#### RECORDS TO USE
#####
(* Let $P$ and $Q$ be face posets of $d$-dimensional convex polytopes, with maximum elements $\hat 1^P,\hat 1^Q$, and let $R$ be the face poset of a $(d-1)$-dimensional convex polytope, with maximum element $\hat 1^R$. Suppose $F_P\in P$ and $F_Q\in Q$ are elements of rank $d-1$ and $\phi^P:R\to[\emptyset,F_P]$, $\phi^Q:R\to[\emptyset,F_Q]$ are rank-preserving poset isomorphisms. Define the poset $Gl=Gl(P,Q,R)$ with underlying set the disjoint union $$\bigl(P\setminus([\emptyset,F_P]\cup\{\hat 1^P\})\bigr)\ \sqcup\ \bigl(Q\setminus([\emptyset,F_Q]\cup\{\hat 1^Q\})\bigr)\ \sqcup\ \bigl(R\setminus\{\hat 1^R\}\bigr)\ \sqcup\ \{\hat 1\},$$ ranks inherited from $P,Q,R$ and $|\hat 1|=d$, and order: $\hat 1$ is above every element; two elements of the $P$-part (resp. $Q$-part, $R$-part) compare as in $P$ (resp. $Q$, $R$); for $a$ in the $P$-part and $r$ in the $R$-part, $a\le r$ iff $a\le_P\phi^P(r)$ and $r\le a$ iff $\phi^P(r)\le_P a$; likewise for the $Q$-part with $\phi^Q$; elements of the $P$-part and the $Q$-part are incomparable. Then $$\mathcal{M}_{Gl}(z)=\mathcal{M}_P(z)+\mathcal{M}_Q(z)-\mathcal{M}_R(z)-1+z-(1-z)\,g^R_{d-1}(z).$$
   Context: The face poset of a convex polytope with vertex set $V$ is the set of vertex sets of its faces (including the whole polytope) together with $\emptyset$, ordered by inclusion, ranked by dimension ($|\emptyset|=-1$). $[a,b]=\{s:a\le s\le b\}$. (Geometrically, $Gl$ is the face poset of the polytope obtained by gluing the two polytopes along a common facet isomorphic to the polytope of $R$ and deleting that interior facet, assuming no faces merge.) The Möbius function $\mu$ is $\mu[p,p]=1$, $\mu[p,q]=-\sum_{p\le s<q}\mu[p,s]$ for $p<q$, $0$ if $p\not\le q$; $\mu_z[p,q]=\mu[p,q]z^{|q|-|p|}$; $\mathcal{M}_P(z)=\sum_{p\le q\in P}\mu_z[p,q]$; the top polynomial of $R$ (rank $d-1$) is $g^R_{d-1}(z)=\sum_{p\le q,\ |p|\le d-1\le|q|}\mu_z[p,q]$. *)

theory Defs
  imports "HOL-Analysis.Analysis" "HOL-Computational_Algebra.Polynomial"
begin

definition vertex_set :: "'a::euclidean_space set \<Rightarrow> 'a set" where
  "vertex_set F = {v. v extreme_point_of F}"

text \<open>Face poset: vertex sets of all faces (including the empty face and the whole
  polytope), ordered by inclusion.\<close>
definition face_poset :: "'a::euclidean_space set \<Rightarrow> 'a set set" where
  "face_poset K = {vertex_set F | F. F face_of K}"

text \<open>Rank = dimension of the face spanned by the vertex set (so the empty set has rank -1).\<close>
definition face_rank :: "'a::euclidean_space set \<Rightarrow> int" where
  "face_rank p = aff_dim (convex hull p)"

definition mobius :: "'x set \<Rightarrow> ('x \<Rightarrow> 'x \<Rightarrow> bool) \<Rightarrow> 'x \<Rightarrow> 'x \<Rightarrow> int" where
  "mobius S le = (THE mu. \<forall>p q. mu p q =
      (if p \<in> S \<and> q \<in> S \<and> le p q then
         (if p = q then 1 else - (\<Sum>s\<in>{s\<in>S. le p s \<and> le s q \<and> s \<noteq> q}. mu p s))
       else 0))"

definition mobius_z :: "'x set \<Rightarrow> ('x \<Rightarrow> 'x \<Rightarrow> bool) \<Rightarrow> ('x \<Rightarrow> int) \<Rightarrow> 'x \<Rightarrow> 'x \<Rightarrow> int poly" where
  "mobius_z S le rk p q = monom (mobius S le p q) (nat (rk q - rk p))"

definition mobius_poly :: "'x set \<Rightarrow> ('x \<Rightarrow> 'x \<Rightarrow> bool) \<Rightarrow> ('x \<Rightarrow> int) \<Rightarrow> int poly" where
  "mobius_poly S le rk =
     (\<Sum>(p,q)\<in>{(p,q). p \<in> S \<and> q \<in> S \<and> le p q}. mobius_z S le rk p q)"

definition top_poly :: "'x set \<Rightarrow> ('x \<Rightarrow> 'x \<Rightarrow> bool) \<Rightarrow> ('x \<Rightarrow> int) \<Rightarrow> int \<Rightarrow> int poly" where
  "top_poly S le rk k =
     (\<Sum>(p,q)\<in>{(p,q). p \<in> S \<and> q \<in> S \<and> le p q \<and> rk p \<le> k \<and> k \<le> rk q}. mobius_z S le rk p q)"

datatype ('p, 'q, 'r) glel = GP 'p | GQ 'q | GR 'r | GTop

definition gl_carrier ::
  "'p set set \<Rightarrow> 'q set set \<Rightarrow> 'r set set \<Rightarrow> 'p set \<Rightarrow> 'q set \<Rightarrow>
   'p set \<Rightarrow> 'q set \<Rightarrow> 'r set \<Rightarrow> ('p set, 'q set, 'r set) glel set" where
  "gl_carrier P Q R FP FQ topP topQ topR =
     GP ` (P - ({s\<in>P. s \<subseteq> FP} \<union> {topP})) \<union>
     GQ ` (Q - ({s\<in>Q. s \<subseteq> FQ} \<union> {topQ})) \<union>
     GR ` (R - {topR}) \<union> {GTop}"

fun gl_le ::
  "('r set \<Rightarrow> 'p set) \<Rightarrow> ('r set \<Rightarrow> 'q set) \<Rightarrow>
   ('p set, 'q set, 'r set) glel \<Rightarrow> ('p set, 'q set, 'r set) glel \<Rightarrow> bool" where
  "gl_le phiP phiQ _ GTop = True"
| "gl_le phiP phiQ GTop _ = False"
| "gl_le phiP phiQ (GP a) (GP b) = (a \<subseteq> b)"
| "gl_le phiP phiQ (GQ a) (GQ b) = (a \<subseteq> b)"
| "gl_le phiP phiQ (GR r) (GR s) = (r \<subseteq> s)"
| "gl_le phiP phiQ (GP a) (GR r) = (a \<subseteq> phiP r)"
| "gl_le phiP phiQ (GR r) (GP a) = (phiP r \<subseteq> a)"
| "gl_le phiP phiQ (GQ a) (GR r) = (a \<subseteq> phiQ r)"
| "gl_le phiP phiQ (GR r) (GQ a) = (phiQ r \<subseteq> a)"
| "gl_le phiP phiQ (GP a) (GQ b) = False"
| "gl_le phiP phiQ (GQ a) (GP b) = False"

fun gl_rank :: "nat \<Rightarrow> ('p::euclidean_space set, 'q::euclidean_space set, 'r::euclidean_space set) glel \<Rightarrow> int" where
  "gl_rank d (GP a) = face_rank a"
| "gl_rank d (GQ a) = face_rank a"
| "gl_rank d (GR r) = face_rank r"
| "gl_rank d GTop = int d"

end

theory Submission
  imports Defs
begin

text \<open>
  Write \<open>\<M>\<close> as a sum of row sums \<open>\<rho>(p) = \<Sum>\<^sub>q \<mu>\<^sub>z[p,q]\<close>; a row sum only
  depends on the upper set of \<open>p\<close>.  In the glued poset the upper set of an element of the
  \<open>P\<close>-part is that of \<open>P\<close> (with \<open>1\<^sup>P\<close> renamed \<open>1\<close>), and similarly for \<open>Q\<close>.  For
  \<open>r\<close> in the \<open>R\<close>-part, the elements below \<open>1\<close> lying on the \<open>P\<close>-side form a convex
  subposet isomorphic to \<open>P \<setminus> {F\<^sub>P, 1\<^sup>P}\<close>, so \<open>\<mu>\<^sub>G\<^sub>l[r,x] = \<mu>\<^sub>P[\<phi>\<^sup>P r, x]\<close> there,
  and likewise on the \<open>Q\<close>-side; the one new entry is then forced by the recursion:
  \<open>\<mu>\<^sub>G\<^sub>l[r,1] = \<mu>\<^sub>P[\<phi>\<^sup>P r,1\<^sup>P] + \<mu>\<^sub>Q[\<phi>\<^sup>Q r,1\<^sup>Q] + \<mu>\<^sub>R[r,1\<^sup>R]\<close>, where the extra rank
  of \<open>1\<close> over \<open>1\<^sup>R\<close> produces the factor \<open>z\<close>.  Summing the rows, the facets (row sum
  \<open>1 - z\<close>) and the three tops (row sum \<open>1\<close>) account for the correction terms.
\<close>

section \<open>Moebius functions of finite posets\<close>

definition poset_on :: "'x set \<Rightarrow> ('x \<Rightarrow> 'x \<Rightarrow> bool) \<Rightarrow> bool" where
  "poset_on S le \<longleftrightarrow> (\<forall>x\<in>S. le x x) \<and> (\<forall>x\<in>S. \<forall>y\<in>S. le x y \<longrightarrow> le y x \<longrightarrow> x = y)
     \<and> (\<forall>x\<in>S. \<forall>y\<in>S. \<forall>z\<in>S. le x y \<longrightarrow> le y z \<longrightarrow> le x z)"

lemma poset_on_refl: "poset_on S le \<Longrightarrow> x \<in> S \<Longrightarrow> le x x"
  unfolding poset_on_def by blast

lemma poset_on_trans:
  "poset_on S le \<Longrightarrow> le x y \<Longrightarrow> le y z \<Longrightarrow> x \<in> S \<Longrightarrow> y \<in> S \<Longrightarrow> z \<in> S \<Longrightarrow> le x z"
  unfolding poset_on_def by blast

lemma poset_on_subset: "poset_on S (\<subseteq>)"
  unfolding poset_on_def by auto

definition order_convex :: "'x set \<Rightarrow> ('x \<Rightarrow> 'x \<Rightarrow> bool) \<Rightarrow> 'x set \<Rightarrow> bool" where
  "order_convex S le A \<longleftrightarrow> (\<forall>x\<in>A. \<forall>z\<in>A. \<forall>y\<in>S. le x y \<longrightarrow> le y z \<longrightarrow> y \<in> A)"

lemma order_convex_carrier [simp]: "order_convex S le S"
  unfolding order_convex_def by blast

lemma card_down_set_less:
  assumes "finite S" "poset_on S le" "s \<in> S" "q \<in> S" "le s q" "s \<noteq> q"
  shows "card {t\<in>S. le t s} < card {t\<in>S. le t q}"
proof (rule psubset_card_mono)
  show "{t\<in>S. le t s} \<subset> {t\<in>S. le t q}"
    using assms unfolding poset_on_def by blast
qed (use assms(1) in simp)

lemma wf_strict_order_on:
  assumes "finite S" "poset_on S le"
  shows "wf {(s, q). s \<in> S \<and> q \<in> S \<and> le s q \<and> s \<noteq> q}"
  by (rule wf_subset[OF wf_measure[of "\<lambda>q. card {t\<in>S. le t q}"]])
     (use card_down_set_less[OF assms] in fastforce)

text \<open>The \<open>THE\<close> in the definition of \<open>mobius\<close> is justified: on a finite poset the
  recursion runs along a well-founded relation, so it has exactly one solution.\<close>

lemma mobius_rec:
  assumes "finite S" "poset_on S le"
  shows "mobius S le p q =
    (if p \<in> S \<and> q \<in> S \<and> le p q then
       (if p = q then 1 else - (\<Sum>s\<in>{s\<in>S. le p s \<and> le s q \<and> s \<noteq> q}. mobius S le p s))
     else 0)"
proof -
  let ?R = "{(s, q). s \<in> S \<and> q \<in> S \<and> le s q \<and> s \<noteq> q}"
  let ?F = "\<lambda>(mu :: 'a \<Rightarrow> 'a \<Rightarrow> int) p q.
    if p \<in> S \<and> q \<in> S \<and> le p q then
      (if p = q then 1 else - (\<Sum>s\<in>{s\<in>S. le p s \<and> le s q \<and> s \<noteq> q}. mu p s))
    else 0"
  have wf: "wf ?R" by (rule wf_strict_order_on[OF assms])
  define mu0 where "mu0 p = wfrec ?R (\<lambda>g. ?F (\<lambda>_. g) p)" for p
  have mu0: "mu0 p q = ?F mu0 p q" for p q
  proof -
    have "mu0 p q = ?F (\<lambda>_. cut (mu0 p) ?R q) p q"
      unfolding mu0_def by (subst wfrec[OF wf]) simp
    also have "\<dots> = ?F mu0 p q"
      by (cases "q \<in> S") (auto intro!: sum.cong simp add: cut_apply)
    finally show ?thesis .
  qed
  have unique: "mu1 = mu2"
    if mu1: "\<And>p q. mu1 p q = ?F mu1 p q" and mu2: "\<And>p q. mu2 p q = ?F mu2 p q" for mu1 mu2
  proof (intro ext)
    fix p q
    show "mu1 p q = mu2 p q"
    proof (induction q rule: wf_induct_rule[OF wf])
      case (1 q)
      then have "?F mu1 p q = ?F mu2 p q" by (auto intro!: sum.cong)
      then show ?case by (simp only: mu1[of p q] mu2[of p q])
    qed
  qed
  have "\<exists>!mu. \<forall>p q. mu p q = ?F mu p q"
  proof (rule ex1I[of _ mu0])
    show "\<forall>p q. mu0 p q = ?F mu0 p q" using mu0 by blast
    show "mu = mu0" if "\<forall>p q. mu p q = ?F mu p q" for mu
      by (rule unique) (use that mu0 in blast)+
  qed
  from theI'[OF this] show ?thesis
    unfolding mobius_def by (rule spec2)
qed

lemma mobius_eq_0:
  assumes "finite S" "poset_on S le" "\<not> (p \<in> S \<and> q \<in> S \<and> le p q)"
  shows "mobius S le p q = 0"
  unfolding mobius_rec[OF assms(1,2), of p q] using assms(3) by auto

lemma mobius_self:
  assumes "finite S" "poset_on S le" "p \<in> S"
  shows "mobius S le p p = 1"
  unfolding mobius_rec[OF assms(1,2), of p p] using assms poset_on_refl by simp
#####
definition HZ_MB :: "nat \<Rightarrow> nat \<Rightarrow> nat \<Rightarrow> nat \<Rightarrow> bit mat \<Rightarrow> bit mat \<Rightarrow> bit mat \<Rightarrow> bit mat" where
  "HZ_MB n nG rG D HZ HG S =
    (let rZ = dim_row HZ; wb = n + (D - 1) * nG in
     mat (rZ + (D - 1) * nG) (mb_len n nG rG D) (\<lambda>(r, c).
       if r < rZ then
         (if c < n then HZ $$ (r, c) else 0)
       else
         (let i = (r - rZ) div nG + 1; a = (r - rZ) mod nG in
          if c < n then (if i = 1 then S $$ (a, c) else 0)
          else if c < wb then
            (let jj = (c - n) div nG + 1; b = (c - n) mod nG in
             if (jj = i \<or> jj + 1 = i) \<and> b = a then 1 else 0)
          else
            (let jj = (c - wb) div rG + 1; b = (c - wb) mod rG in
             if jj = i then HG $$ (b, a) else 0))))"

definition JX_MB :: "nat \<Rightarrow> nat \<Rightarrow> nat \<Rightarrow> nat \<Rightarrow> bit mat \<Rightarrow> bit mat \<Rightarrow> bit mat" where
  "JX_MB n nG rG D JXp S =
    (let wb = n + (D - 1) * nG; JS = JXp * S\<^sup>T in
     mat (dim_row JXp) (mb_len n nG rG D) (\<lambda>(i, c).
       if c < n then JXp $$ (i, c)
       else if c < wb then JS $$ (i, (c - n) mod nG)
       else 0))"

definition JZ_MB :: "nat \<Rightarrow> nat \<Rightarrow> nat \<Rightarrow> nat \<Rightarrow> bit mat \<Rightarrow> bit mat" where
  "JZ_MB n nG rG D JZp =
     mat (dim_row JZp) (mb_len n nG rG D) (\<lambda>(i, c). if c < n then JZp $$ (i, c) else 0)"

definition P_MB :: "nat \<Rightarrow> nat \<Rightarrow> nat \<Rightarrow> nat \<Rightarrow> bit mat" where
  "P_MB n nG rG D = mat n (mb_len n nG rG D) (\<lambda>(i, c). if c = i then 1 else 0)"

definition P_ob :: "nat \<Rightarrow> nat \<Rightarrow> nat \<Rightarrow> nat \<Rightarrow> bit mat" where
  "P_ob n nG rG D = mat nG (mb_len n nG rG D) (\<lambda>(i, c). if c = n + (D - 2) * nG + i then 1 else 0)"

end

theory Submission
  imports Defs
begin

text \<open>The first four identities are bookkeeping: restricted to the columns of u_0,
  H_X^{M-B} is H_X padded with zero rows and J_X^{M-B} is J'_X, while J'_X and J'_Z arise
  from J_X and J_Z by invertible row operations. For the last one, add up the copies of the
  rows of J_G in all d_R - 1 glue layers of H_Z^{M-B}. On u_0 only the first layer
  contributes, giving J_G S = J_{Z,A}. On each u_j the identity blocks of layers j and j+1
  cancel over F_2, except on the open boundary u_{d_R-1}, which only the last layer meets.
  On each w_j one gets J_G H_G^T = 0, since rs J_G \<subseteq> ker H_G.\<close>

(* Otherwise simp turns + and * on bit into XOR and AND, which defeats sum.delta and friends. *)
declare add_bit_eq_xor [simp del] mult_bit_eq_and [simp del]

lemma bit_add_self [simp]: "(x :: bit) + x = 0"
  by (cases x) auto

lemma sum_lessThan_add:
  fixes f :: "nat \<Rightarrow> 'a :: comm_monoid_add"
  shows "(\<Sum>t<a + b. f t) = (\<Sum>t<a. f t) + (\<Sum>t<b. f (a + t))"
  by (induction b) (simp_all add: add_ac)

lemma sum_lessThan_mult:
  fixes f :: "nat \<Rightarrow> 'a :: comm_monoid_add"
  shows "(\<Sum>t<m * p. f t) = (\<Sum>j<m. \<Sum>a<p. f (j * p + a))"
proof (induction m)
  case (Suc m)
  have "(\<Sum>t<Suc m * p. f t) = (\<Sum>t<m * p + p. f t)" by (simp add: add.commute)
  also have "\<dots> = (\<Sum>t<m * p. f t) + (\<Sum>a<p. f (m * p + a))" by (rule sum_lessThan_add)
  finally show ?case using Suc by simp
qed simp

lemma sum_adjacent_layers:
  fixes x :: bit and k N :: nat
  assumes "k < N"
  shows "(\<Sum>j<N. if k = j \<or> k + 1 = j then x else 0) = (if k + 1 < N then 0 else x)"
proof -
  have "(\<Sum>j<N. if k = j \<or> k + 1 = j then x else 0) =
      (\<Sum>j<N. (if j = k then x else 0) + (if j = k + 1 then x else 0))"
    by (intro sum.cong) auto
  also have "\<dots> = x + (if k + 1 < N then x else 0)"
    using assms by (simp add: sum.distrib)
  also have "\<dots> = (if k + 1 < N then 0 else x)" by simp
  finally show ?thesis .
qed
#####
#### WHAT TO DO
Please state the number of lines above that hold the string "False", with nothing else added.

#### EXPECTED ANSWER
3